VI. A Solid Economic and Trade relationship

The US and Europe enjoy a very healthy and solid economic and trade relationship. Every day the two sides turn over more than 1.25 billion euro. Transatlantic trade comprises approximately 20 % of each side's overall foreign trade. European exports to the US totalled 260 billion euro in 2000 while imports from the US amounted to 195 billion euro. Mutual investments have contributed even more than actual trade to economic integration: more than 60 % of foreign investments in the US come from the EU and roughly 45 % of US foreign investments go to the EU.

While trade conflicts regularly hit the headlines, they really only affect a very small percentage of the total trade flow (estimates range from 0.2% to 2% of the overall flow.) Given the size of the trade relationship it is important to recognize that there will always be some disputes. The trick will be to identify possible new disputes in good time and try and seek common ground. This applies particularly to 'new disputes' such as GMOs, competition policy, drugs, standards, banking and insurance.

VII. A New Partnership The EU and US must learn to respect their different views and agree to tackle major problems together. Tony Blair warned on 25 March 2003 that after Iraq there is going to have to be a discussion about the relations between America and Europe. He emphasized that "it is not correct that the American administration wants to pursue a unilateralist path without care for the rest of the world…If we are going to have a strategic partnership between Europe and America, we have to work out the basis of that and how we make progress on issues that are difficult between us."

Similarly, Christopher Patten in an interview with the Financial Times stressed that the transatlantic relationship can still be rescued if Britain and France pull together. He believes that the differences between France and the UK are much les than the disputes over Iraq suggest and that "Europe will only matter internationally if Britain and France work together." Javier Solana, in his strategy paper of June 2003, also emphasised the importance of a solid transatlantic relationship to tackle the shared threats of terrorism and WMD.

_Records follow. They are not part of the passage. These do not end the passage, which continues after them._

text \<open>Both distances are bounded by \<open>dd_subset_le\<close>, using \<open>A i = Ujoin A i i\<close> to control
  \<open>nu_minus (A i)\<close> and \<open>nu_minus (A j)\<close> by the lower-density net.\<close>
lemma dd_Ujoin_eventually_small:
  assumes plus: "net_tendsto (\<lambda>i j. nu_plus (Ujoin A i j)) L"
    and minus: "net_tendsto (\<lambda>i j. nu_minus (Ujoin A i j)) L" and "e > 0"
  obtains M where "\<And>i j. M \<le> i \<Longrightarrow> i \<le> j \<Longrightarrow> dd (A i) (Ujoin A i j) < e \<and> dd (A j) (Ujoin A i j) < e"
proof -
  obtain M1 where M1: "\<And>i j. M1 \<le> i \<Longrightarrow> i \<le> j \<Longrightarrow> \<bar>nu_plus (Ujoin A i j) - L\<bar> < e/2"
    using plus \<open>e > 0\<close> unfolding net_tendsto_iff by (meson half_gt_zero)
  obtain M2 where M2: "\<And>i j. M2 \<le> i \<Longrightarrow> i \<le> j \<Longrightarrow> \<bar>nu_minus (Ujoin A i j) - L\<bar> < e/2"
    using minus \<open>e > 0\<close> unfolding net_tendsto_iff by (meson half_gt_zero)
  have "dd (A i) (Ujoin A i j) < e \<and> dd (A j) (Ujoin A i j) < e" if "max M1 M2 \<le> i" "i \<le> j" for i j
  proof -
    have "A i \<subseteq> Ujoin A i j" "A j \<subseteq> Ujoin A i j"
      using \<open>i \<le> j\<close> by (auto simp: Ujoin_def)
    then have "dd (A i) (Ujoin A i j) \<le> nu_plus (Ujoin A i j) - nu_minus (A i)"
      "dd (A j) (Ujoin A i j) \<le> nu_plus (Ujoin A i j) - nu_minus (A j)"
      by (simp_all add: dd_subset_le)
    moreover have "\<bar>nu_minus (A i) - L\<bar> < e/2" "\<bar>nu_minus (A j) - L\<bar> < e/2"
      using M2[of i i] M2[of j j] that by (simp_all add: Ujoin_self)
    moreover have "\<bar>nu_plus (Ujoin A i j) - L\<bar> < e/2"
      using M1[of i j] that by simp
    ultimately show ?thesis
      by linarith
  qed
  then show ?thesis
    using that by blast
qed

lemma closed_imp_Ujoin_limit:
  assumes closed: "closed_Dd E" and AE: "\<And>i. cls (A i) \<in> E"
    and plus: "net_tendsto (\<lambda>i j. nu_plus (Ujoin A i j)) L"
    and minus: "net_tendsto (\<lambda>i j. nu_minus (Ujoin A i j)) L"
  shows "\<exists>B. cls B \<in> E \<and> nu_plus B = L \<and> net_tendsto (\<lambda>i j. dd (Ujoin A i j) B) 0"
proof -
  have "\<exists>M. \<forall>m\<ge>M. \<forall>n\<ge>M. dd (A m) (A n) < e" if "e > 0" for e
  proof -
    obtain M where M: "\<And>i j. M \<le> i \<Longrightarrow> i \<le> j \<Longrightarrow> dd (A i) (Ujoin A i j) < e/2 \<and> dd (A j) (Ujoin A i j) < e/2"
      using dd_Ujoin_eventually_small[OF plus minus, of "e/2"] \<open>e > 0\<close> by auto
    have "dd (A i) (A j) < e" if "M \<le> i" "i \<le> j" for i j
      using M[OF that] dd_triangle[of "A i" "A j" "Ujoin A i j"] dd_sym[of "Ujoin A i j" "A j"] by linarith
    then show ?thesis
      by (metis dd_sym linorder_le_cases)
  qed
  then obtain B where AB: "(\<lambda>n. dd (A n) B) \<longlonglongrightarrow> 0"
    using dd_Cauchy_limit by blast
  have "(\<lambda>n. nu_plus (A n)) \<longlonglongrightarrow> L" "(\<lambda>n. nu_minus (A n)) \<longlonglongrightarrow> L"
    using plus[THEN net_tendsto_diagonal] minus[THEN net_tendsto_diagonal] by (simp_all add: Ujoin_self)
  then have plus_B: "nu_plus B = L" and minus_B: "nu_minus B = L"
    using tendsto_nu_plus_of_dd[OF AB] tendsto_nu_minus_of_dd[OF AB] by (auto intro: LIMSEQ_unique)
  have "\<forall>e>0. \<exists>B'. cls B' \<in> E \<and> dd B B' < e"
  proof (intro allI impI)
    fix e :: real
    assume "e > 0"
    then obtain n where "dd (A n) B < e"
      using AB unfolding LIMSEQ_def dist_real_def by (metis abs_less_iff diff_zero order_refl)
    then show "\<exists>B'. cls B' \<in> E \<and> dd B B' < e"
      using AE dd_sym by metis
  qed
  moreover have "B \<in> Dens"
    by (simp add: Dens_iff_nu_minus_eq_nu_plus plus_B minus_B)
  ultimately have "cls B \<in> E"
    using closed unfolding closed_Dd_def by blast
  moreover have "net_tendsto (\<lambda>i j. dd (Ujoin A i j) B) 0"
    unfolding net_tendsto_iff
  proof (intro allI impI)
    fix e :: real
    assume "e > 0"
    obtain M1 where M1: "\<And>i j. M1 \<le> i \<Longrightarrow> i \<le> j \<Longrightarrow> dd (A i) (Ujoin A i j) < e/2"
      using dd_Ujoin_eventually_small[OF plus minus, of "e/2"] \<open>e > 0\<close> by (metis half_gt_zero)
    obtain M2 where M2: "\<And>i. M2 \<le> i \<Longrightarrow> dd (A i) B < e/2"
      using AB \<open>e > 0\<close> unfolding LIMSEQ_def dist_real_def by (metis abs_less_iff diff_zero half_gt_zero)
    have "\<bar>dd (Ujoin A i j) B - 0\<bar> < e" if "max M1 M2 \<le> i" "i \<le> j" for i j
    proof -
      have "dd (A i) (Ujoin A i j) < e/2" "dd (A i) B < e/2"
        using M1[of i j] M2[of i] that by simp_all
      moreover have "dd (Ujoin A i j) B \<le> dd (A i) (Ujoin A i j) + dd (A i) B"
        using dd_triangle[of "Ujoin A i j" B "A i"] dd_sym[of "A i" "Ujoin A i j"] by simp
      ultimately show ?thesis
        using dd_nonneg[of "Ujoin A i j" B] by simp
    qed
    then show "\<exists>M. \<forall>i j. M \<le> i \<longrightarrow> i \<le> j \<longrightarrow> \<bar>dd (Ujoin A i j) B - 0\<bar> < e"
      by blast
  qed
  ultimately show ?thesis
    using plus_B by blast
qed

lemma Ujoin_limit_imp_closed:
  assumes limit: "\<And>A L. (\<forall>i. cls (A i) \<in> E) \<Longrightarrow>
      net_tendsto (\<lambda>i j. nu_plus (Ujoin A i j)) L \<Longrightarrow>
      net_tendsto (\<lambda>i j. nu_minus (Ujoin A i j)) L \<Longrightarrow>
      \<exists>B. cls B \<in> E \<and> net_tendsto (\<lambda>i j. dd (Ujoin A i j) B) 0"
  shows "closed_Dd E"
  unfolding closed_Dd_def
proof (intro ballI impI)
  fix A
  assume "A \<in> Dens" and adherent: "\<forall>e>0. \<exists>B. cls B \<in> E \<and> dd A B < e"
  have "\<forall>k. \<exists>B. cls B \<in> E \<and> dd B A < (1/2) ^ k"
    using adherent dd_sym by simp
  then obtain B where BE: "\<And>k. cls (B k) \<in> E" and B_near: "\<And>k. dd (B k) A < (1/2) ^ k"
    by metis
  have row_bound: "dd (Ujoin B i j) A \<le> 2 * (1/2) ^ i" if "i \<le> j" for i j
  proof -
    have "dd (Ujoin B i j) A \<le> (\<Sum>k\<in>{i..<Suc j}. dd (B k) A)"
      unfolding Ujoin_def atLeastLessThanSuc_atLeastAtMost using that by (intro dd_UN_le) auto
    also have "\<dots> \<le> (\<Sum>k\<in>{i..<Suc j}. (1/2) ^ k)"
      using B_near by (intro sum_mono less_imp_le)
    also have "\<dots> \<le> 2 * (1/2) ^ i"
      by (rule sum_half_powers_le)
    finally show ?thesis .
  qed
  have to_zero: "(\<lambda>i. 2 * (1/2::real) ^ i) \<longlonglongrightarrow> 0"
    by (intro tendsto_mult_right_zero LIMSEQ_power_zero) simp
  have "net_tendsto (\<lambda>i j. dd (Ujoin B i j) A) 0"
    using row_bound dd_nonneg by (intro net_tendsto_by_row_bound[OF _ to_zero]) simp
  moreover have "net_tendsto (\<lambda>i j. nu_plus (Ujoin B i j)) (nu_plus A)"
    using abs_nu_plus_diff_le_dd row_bound
    by (intro net_tendsto_by_row_bound[OF _ to_zero]) (meson order_trans)
  moreover have "net_tendsto (\<lambda>i j. nu_minus (Ujoin B i j)) (nu_plus A)"
    using abs_nu_minus_diff_le_dd row_bound \<open>A \<in> Dens\<close>
    by (intro net_tendsto_by_row_bound[OF _ to_zero])
      (metis Dens_iff_nu_minus_eq_nu_plus order_trans)
  ultimately obtain B' where "cls B' \<in> E" and "dd A B' = 0"
    using limit[of B] BE net_tendsto_dd_unique by blast
  then show "cls A \<in> E"
    by (simp add: cls_eqI)
qed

The transatlantic relationship is under the greatest strain since 1945. But no one can doubt that the partnership remains indispensable. The existing community of shared interests and shared values needs to be formed into a community of action. Both sides have to overcome the distrust that occurred over Iraq and look to the future. The range of pressing global problems means that the EU and US have to act in a statesmanlike manner. Vision and understanding are called for. A new enlarged EU will inevitably be preoccupied with internal problems. But enlargement will also bring in a group of countries who instinctively see the US as a force for good in world affairs. This will not be uncritical support because the accession states, like current EU member states, are firmly committed to multilateral institutions. But this enlarged Europe has the opportunity to develop a new partnership with the US. A precondition will be a successful outcome to the intergovernmental conference (IGC), especially progress on CFSP and ESDP. There are encouraging signs that the EU will draw lessons from the Iraq crisis and move ahead. At the same time the US also needs to make a psychological adjustment to accept the EU as a global partner, a partner of choice in tackling international problems. There are signs, post Iraq of a change in US and European attitudes. Certainly it will not be an easy adjustment on either side. But the stakes are too high to fail.